YOUR INSTRUCTIONS: If a line in the records below contains the word "fact", copy it out.

TASK INPUTS:
::::

(* Let $V$ be a Majorana algebra generated by a set $A$ of Majorana axes, and let $a_0, a_1 \in A$ with $\tau(a_1) = 1$. Then the vector $a_0^{\sigma(a_1)}$ satisfies axioms M3–M7 (with $a_0^{\sigma(a_1)}$ in place of $a$), and $\tau(a_0^{\sigma(a_1)}) = \tau(a_0)^{\sigma(a_1)}$, where $\tau(a_0)^{\sigma(a_1)} = \sigma(a_1)^{-1}\tau(a_0)\sigma(a_1)$.
   Context: Let $V$ be a real vector space with a positive definite symmetric bilinear form $(\,,\,)$ and a bilinear commutative (non-associative) product $\cdot$ such that (M1) $(u, v\cdot w) = (u\cdot v, w)$ for all $u,v,w\in V$, and (M2) $(u\cdot u, v\cdot v)\ge (u\cdot v, u\cdot v)$ for all $u,v \in V$. For $a \in V$ and $\mu \in \mathbb{R}$ write $V_\mu^{(a)} = \{v \in V : a\cdot v = \mu v\}$. A nonzero $a\in V$ is said to satisfy axioms M3–M7 if: (M3) $(a,a)=1$ and $a\cdot a = a$; (M4) $V = V_1^{(a)}\oplus V_0^{(a)}\oplus V_{1/4}^{(a)} \oplus V_{1/32}^{(a)}$; (M5) $V_1^{(a)} = \mathbb{R}a$; (M6) the linear map $\tau(a)$ of $V$ acting as $+1$ on $V_1^{(a)}\oplus V_0^{(a)}\oplus V_{1/4}^{(a)}$ and as $-1$ on $V_{1/32}^{(a)}$ preserves the algebra product; (M7) on $V_+^{(a)} := V_1^{(a)}\oplus V_0^{(a)}\oplus V_{1/4}^{(a)}$, the linear map $\sigma(a)$ acting as $+1$ on $V_1^{(a)}\oplus V_0^{(a)}$ and as $-1$ on $V_{1/4}^{(a)}$ preserves the restriction of the algebra product to $V_+^{(a)}$. Elements satisfying M3–M7 are called Majorana axes, and $\tau(a)$ the Majorana involution of $a$. A Majorana algebra is such a $V$ (satisfying M1, M2) that is generated as an algebra by a set $A$ of Majorana axes. Linear maps act on the right: $u^{g}$ denotes the image of $u$ under $g$. *)

theory Defs
  imports Complex_Main
begin
definition tilted_gamma_convolution :: "real \<Rightarrow> real \<Rightarrow> real \<Rightarrow> real" where
  "tilted_gamma_convolution \<alpha> \<gamma> c =
     (\<integral>x. indicator {0<..<c} x * x powr (\<alpha> - 1) * exp (\<gamma> * x)
           * tilted_gamma_integral \<alpha> \<gamma> (c - x) \<partial>lborel)"

lemma
  fixes \<alpha> \<gamma> d :: real
  assumes \<alpha>: "\<alpha> > 0" and d: "d \<ge> 0"
  shows integrable_tilted_gamma:
      "integrable lborel (\<lambda>x. indicator {0<..<d} x * x powr (\<alpha> - 1) * exp (\<gamma> * x))"
    and tilted_gamma_integral_sums:
      "(\<lambda>n. \<gamma> ^ n / fact n * (d powr (\<alpha> + n) / (\<alpha> + n))) sums tilted_gamma_integral \<alpha> \<gamma> d"
proof -
  define w where "w = (\<lambda>x. indicator {0<..<d} x * x powr (\<alpha> - 1))"
  have w: "integrable lborel w" "\<And>x. 0 \<le> w x" "\<And>x. w x \<noteq> 0 \<Longrightarrow> \<bar>x\<bar> \<le> d"
    using integrable_powr_Ioo[of "\<alpha> - 1" d] \<alpha> d by (auto simp: w_def indicator_def)
  have moment: "(\<integral>x. w x * x ^ n \<partial>lborel) = d powr (\<alpha> + n) / (\<alpha> + n)" for n :: nat
  proof -
    have "(\<lambda>x. w x * x ^ n) = (\<lambda>x. indicator {0<..<d} x * x powr (\<alpha> - 1 + n))"
      by (auto simp: w_def fun_eq_iff indicator_def powr_add powr_realpow)
    then show ?thesis using integral_powr_Ioo[of "\<alpha> - 1 + n" d] \<alpha> d by simp
  qed
  show "integrable lborel (\<lambda>x. indicator {0<..<d} x * x powr (\<alpha> - 1) * exp (\<gamma> * x))"
    using integrable_mult_exp[OF w(1,2) d w(3)] by (simp add: w_def)
  show "(\<lambda>n. \<gamma> ^ n / fact n * (d powr (\<alpha> + n) / (\<alpha> + n))) sums tilted_gamma_integral \<alpha> \<gamma> d"
    using sums_integral_mult_exp[OF w(1,2) d w(3)]
    unfolding moment by (simp add: w_def tilted_gamma_integral_def)
qed

lemma tilted_beta_integral_sums:
  fixes \<alpha> \<gamma> c :: real
  assumes \<alpha>: "\<alpha> > 0" and c: "c > 0"
  shows "(\<lambda>m. \<gamma> ^ m / fact m * (c powr (2 * \<alpha> + n + m) * Beta (\<alpha> + n + 1) (\<alpha> + m)))
           sums tilted_beta_integral \<alpha> \<gamma> c n"
proof -
  define w where "w = (\<lambda>x. indicator {0<..<c} x * x powr (\<alpha> - 1) * (c - x) powr (\<alpha> + n))"
  have w: "integrable lborel w" "\<And>x. 0 \<le> w x" "\<And>x. w x \<noteq> 0 \<Longrightarrow> \<bar>x\<bar> \<le> c"
    using integrable_Beta_kernel_Ioo[of "\<alpha> - 1" "\<alpha> + n" c] \<alpha> c
    by (auto simp: w_def indicator_def mult_ac)
  have moment: "(\<integral>x. w x * x ^ m \<partial>lborel) = c powr (2 * \<alpha> + n + m) * Beta (\<alpha> + n + 1) (\<alpha> + m)"
    for m :: nat
  proof -
    have "(\<lambda>x. w x * x ^ m) = (\<lambda>x. indicator {0<..<c} x * (x powr (\<alpha> - 1 + m) * (c - x) powr (\<alpha> + n)))"
      by (auto simp: w_def fun_eq_iff indicator_def powr_add powr_realpow)
    moreover have "\<alpha> - 1 + m + (\<alpha> + n) + 1 = 2 * \<alpha> + n + m" by simp
    ultimately show ?thesis
      using integral_Beta_kernel_Ioo[of "\<alpha> - 1 + m" "\<alpha> + n" c] \<alpha> c by (simp add: Beta_commute add_ac)
  qed
  show ?thesis
    using sums_integral_mult_exp[OF w(1,2) _ w(3), of \<gamma>] c
    unfolding moment by (simp add: w_def tilted_beta_integral_def)
qed

lemma summable_abs_exp_coeffs_div:
  fixes \<alpha> :: real
  assumes "\<alpha> > 0" "R \<ge> 0"
  shows "summable (\<lambda>n. \<bar>\<gamma> ^ n / (fact n * (\<alpha> + n))\<bar> * R ^ n)"
proof (rule summable_comparison_test[OF _ summable_divide[OF summable_abs_exp_coeffs, of \<gamma> R \<alpha>]])
  have "\<bar>\<gamma> ^ n / (fact n * (\<alpha> + n))\<bar> \<le> \<bar>\<gamma> ^ n / fact n\<bar> / \<alpha>" for n :: nat
  proof -
    have "\<bar>\<gamma> ^ n / (fact n * (\<alpha> + n))\<bar> = \<bar>\<gamma> ^ n / fact n\<bar> / (\<alpha> + n)"
      using assms by (simp add: abs_mult)
    also have "\<dots> \<le> \<bar>\<gamma> ^ n / fact n\<bar> / \<alpha>"
      using assms by (intro divide_left_mono) auto
    finally show ?thesis .
  qed
  then have "\<bar>\<gamma> ^ n / (fact n * (\<alpha> + n))\<bar> * R ^ n \<le> \<bar>\<gamma> ^ n / fact n\<bar> / \<alpha> * R ^ n" for n :: nat
    by (rule mult_right_mono) (use assms in simp)
  then show "\<exists>N. \<forall>n\<ge>N. norm (\<bar>\<gamma> ^ n / (fact n * (\<alpha> + n))\<bar> * R ^ n) \<le> \<bar>\<gamma> ^ n / fact n\<bar> * R ^ n / \<alpha>"
    using assms by auto
qed
lemma hyp_spaceD:
  assumes "p \<in> hyp_space"
  shows "fst p > 0" "minner p p = -1" "(norm (snd p))\<^sup>2 = (fst p)\<^sup>2 - 1"
    "norm (snd p) < fst p" "fst p \<ge> 1"
proof -
  show pos: "fst p > 0" and "minner p p = -1"
    using assms by (auto simp: hyp_space_def)
  then show norm: "(norm (snd p))\<^sup>2 = (fst p)\<^sup>2 - 1"
    by (simp add: minner_self)
  then have "(norm (snd p))\<^sup>2 < (fst p)\<^sup>2" by simp
  then show "norm (snd p) < fst p"
    using pos by (rule power2_less_imp_less[OF _ less_imp_le])
  have "1\<^sup>2 \<le> (fst p)\<^sup>2"
    using norm zero_le_power2[of "norm (snd p)"] by simp
  then show "fst p \<ge> 1"
    using pos by (rule power2_le_imp_le[OF _ less_imp_le])
qed

lemma future_timelike:
  assumes F: "F \<in> hyp_space" and x: "minner x x < 0" and xF: "minner x F < 0"
  shows "fst x > 0"
proof (rule ccontr)
  assume "\<not> fst x > 0"
  have "(norm (snd x))\<^sup>2 < (fst x)\<^sup>2"
    using x by (simp add: minner_self)
  then have "norm (snd x) < - fst x"
    using \<open>\<not> fst x > 0\<close> power2_less_imp_less[of "norm (snd x)" "- fst x"] by simp
  then have "norm (snd x) * norm (snd F) \<le> (- fst x) * fst F"
    using hyp_spaceD(4)[OF F] \<open>\<not> fst x > 0\<close> by (intro mult_mono) auto
  moreover have "- (snd x \<bullet> snd F) \<le> norm (snd x) * norm (snd F)"
    using norm_cauchy_schwarz[of "- snd x" "snd F"] by simp
  ultimately show False
    using xF by (simp add: minner_def)
qed

lemma minner_hyp_space_le:
  assumes P: "P \<in> hyp_space" and Q: "Q \<in> hyp_space"
  shows "minner P Q \<le> -1"
proof -
  note p = hyp_spaceD[OF P] and q = hyp_spaceD[OF Q]
  have "(norm (snd P) * norm (snd Q))\<^sup>2 = ((fst P)\<^sup>2 - 1) * ((fst Q)\<^sup>2 - 1)"
    using p q by (simp add: power_mult_distrib)
  also have "\<dots> \<le> (fst P * fst Q - 1)\<^sup>2"
    using sum_squares_ge_zero[of "fst P - fst Q" 0] by (simp add: power2_eq_square algebra_simps)
  finally have "(norm (snd P) * norm (snd Q))\<^sup>2 \<le> (fst P * fst Q - 1)\<^sup>2" .
  moreover have "0 \<le> fst P * fst Q - 1"
    using p(5) q(5) mult_mono[of 1 "fst P" 1 "fst Q"] by simp
  ultimately have "norm (snd P) * norm (snd Q) \<le> fst P * fst Q - 1"
    by (rule power2_le_imp_le)
  then show ?thesis
    using norm_cauchy_schwarz[of "snd P" "snd Q"] by (simp add: minner_def)
qed

lemma minner_tangent_nonneg:
  assumes F: "F \<in> hyp_space" and a: "minner F a = 0"
  shows "minner a a \<ge> 0"
proof -
  note f = hyp_spaceD[OF F]
  have "fst F * \<bar>fst a\<bar> = \<bar>snd F \<bullet> snd a\<bar>"
    using a f(1) by (simp add: minner_def abs_mult)
  also have "\<dots> \<le> norm (snd F) * norm (snd a)"
    by (rule Cauchy_Schwarz_ineq2)
  also have "\<dots> \<le> fst F * norm (snd a)"
    using f(4) by (intro mult_right_mono) auto
  finally have "\<bar>fst a\<bar> \<le> norm (snd a)"
    using f(1) by simp
  then have "(fst a)\<^sup>2 \<le> (norm (snd a))\<^sup>2"
    by (metis abs_le_square_iff abs_norm_cancel)
  then show ?thesis
    by (simp add: minner_self)
qed

lemma quadratic_nonneg_discriminant:
  fixes a b c :: real
  assumes c: "0 \<le> c" and nonneg: "\<And>l. 0 \<le> a + 2 * b * l + c * l\<^sup>2"
  shows "b\<^sup>2 \<le> a * c"
proof (cases "c = 0")
  case True
  have "b = 0"
  proof (rule ccontr)
    assume "b \<noteq> 0"
    have "0 \<le> a + 2 * b * (- (a + 1) / (2 * b))"
      using nonneg[of "- (a + 1) / (2 * b)"] True by simp
    then show False
      using \<open>b \<noteq> 0\<close> by simp
  qed
  then show ?thesis using True by simp
next
  case False
  then have "c > 0" using c by simp
  have "0 \<le> a + 2 * b * (- b / c) + c * (- b / c)\<^sup>2" by (rule nonneg)
  also have "\<dots> = (a * c - b\<^sup>2) / c"
    using \<open>c > 0\<close> by (simp add: power2_eq_square field_simps)
  finally show ?thesis
    using \<open>c > 0\<close> by (simp add: zero_le_divide_iff)
qed

lemma tangent_Cauchy_Schwarz:
  assumes F: "F \<in> hyp_space" and a: "minner F a = 0" and b: "minner F b = 0"
  shows "(minner a b)\<^sup>2 \<le> minner a a * minner b b"
proof -
  have "(minner a b)\<^sup>2 \<le> minner b b * minner a a"
  proof (rule quadratic_nonneg_discriminant)
    show "0 \<le> minner a a" by (rule minner_tangent_nonneg[OF F a])
    fix l :: real
    have "minner F (b + l *\<^sub>R a) = 0" using a b by simp
    then have "0 \<le> minner (b + l *\<^sub>R a) (b + l *\<^sub>R a)" by (rule minner_tangent_nonneg[OF F])
    then show "0 \<le> minner b b + 2 * minner a b * l + minner a a * l\<^sup>2"
      by (simp add: minner_commute[of b a] algebra_simps power2_eq_square)
  qed
  then show ?thesis by (simp add: mult.commute)
qed

text \<open>\<open>(minner F P)\<^sup>2 - 1\<close> is the squared length of the tangential part \<open>P + minner F P *\<^sub>R F\<close>
  of P at F.\<close>
lemma minner_tangent_sq_le:
  assumes F: "F \<in> hyp_space" and P: "P \<in> hyp_space" and u: "minner F u = 0"
  shows "(minner u P)\<^sup>2 \<le> minner u u * ((minner F P)\<^sup>2 - 1)"
proof -
  define z where "z = P + minner F P *\<^sub>R F"
  have Fz: "minner F z = 0" using hyp_spaceD(2)[OF F] by (simp add: z_def)
  have "minner z z = (minner F P)\<^sup>2 - 1"
    using hyp_spaceD(2)[OF F] hyp_spaceD(2)[OF P]
    by (simp add: z_def minner_commute[of P F] power2_eq_square algebra_simps)
  moreover have "minner u z = minner u P"
    using u by (simp add: z_def minner_commute[of u F])
  ultimately show ?thesis using tangent_Cauchy_Schwarz[OF F u Fz] by simp
qed

section \<open>Distance and geodesics\<close>

lemma cosh_hdist:
  assumes "P \<in> hyp_space" "Q \<in> hyp_space"
  shows "cosh (hdist P Q) = - minner P Q"
  using minner_hyp_space_le[OF assms] by (simp add: hdist_def)

lemma hdist_nonneg:
  assumes "P \<in> hyp_space" "Q \<in> hyp_space"
  shows "hdist P Q \<ge> 0"
  using minner_hyp_space_le[OF assms] by (simp add: hdist_def)

lemma sinh_hdist:
  assumes "P \<in> hyp_space" "Q \<in> hyp_space"
  shows "sinh (hdist P Q) = sqrt ((minner P Q)\<^sup>2 - 1)"
  using minner_hyp_space_le[OF assms] by (simp add: hdist_def sinh_arcosh_real)

lemma sinh_hdist_sq:
  assumes "P \<in> hyp_space" "Q \<in> hyp_space"
  shows "(sinh (hdist P Q))\<^sup>2 = (minner P Q)\<^sup>2 - 1"
  using cosh_square_eq[of "hdist P Q"] by (simp add: cosh_hdist[OF assms])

::::

YOUR SOLUTION:
      "(\<lambda>n. \<gamma> ^ n / fact n * (d powr (\<alpha> + n) / (\<alpha> + n))) sums tilted_gamma_integral \<alpha> \<gamma> d"
  show "(\<lambda>n. \<gamma> ^ n / fact n * (d powr (\<alpha> + n) / (\<alpha> + n))) sums tilted_gamma_integral \<alpha> \<gamma> d"
  shows "(\<lambda>m. \<gamma> ^ m / fact m * (c powr (2 * \<alpha> + n + m) * Beta (\<alpha> + n + 1) (\<alpha> + m)))
  shows "summable (\<lambda>n. \<bar>\<gamma> ^ n / (fact n * (\<alpha> + n))\<bar> * R ^ n)"
  have "\<bar>\<gamma> ^ n / (fact n * (\<alpha> + n))\<bar> \<le> \<bar>\<gamma> ^ n / fact n\<bar> / \<alpha>" for n :: nat
    have "\<bar>\<gamma> ^ n / (fact n * (\<alpha> + n))\<bar> = \<bar>\<gamma> ^ n / fact n\<bar> / (\<alpha> + n)"
    also have "\<dots> \<le> \<bar>\<gamma> ^ n / fact n\<bar> / \<alpha>"
  then have "\<bar>\<gamma> ^ n / (fact n * (\<alpha> + n))\<bar> * R ^ n \<le> \<bar>\<gamma> ^ n / fact n\<bar> / \<alpha> * R ^ n" for n :: nat
  then show "\<exists>N. \<forall>n\<ge>N. norm (\<bar>\<gamma> ^ n / (fact n * (\<alpha> + n))\<bar> * R ^ n) \<le> \<bar>\<gamma> ^ n / fact n\<bar> * R ^ n / \<alpha>"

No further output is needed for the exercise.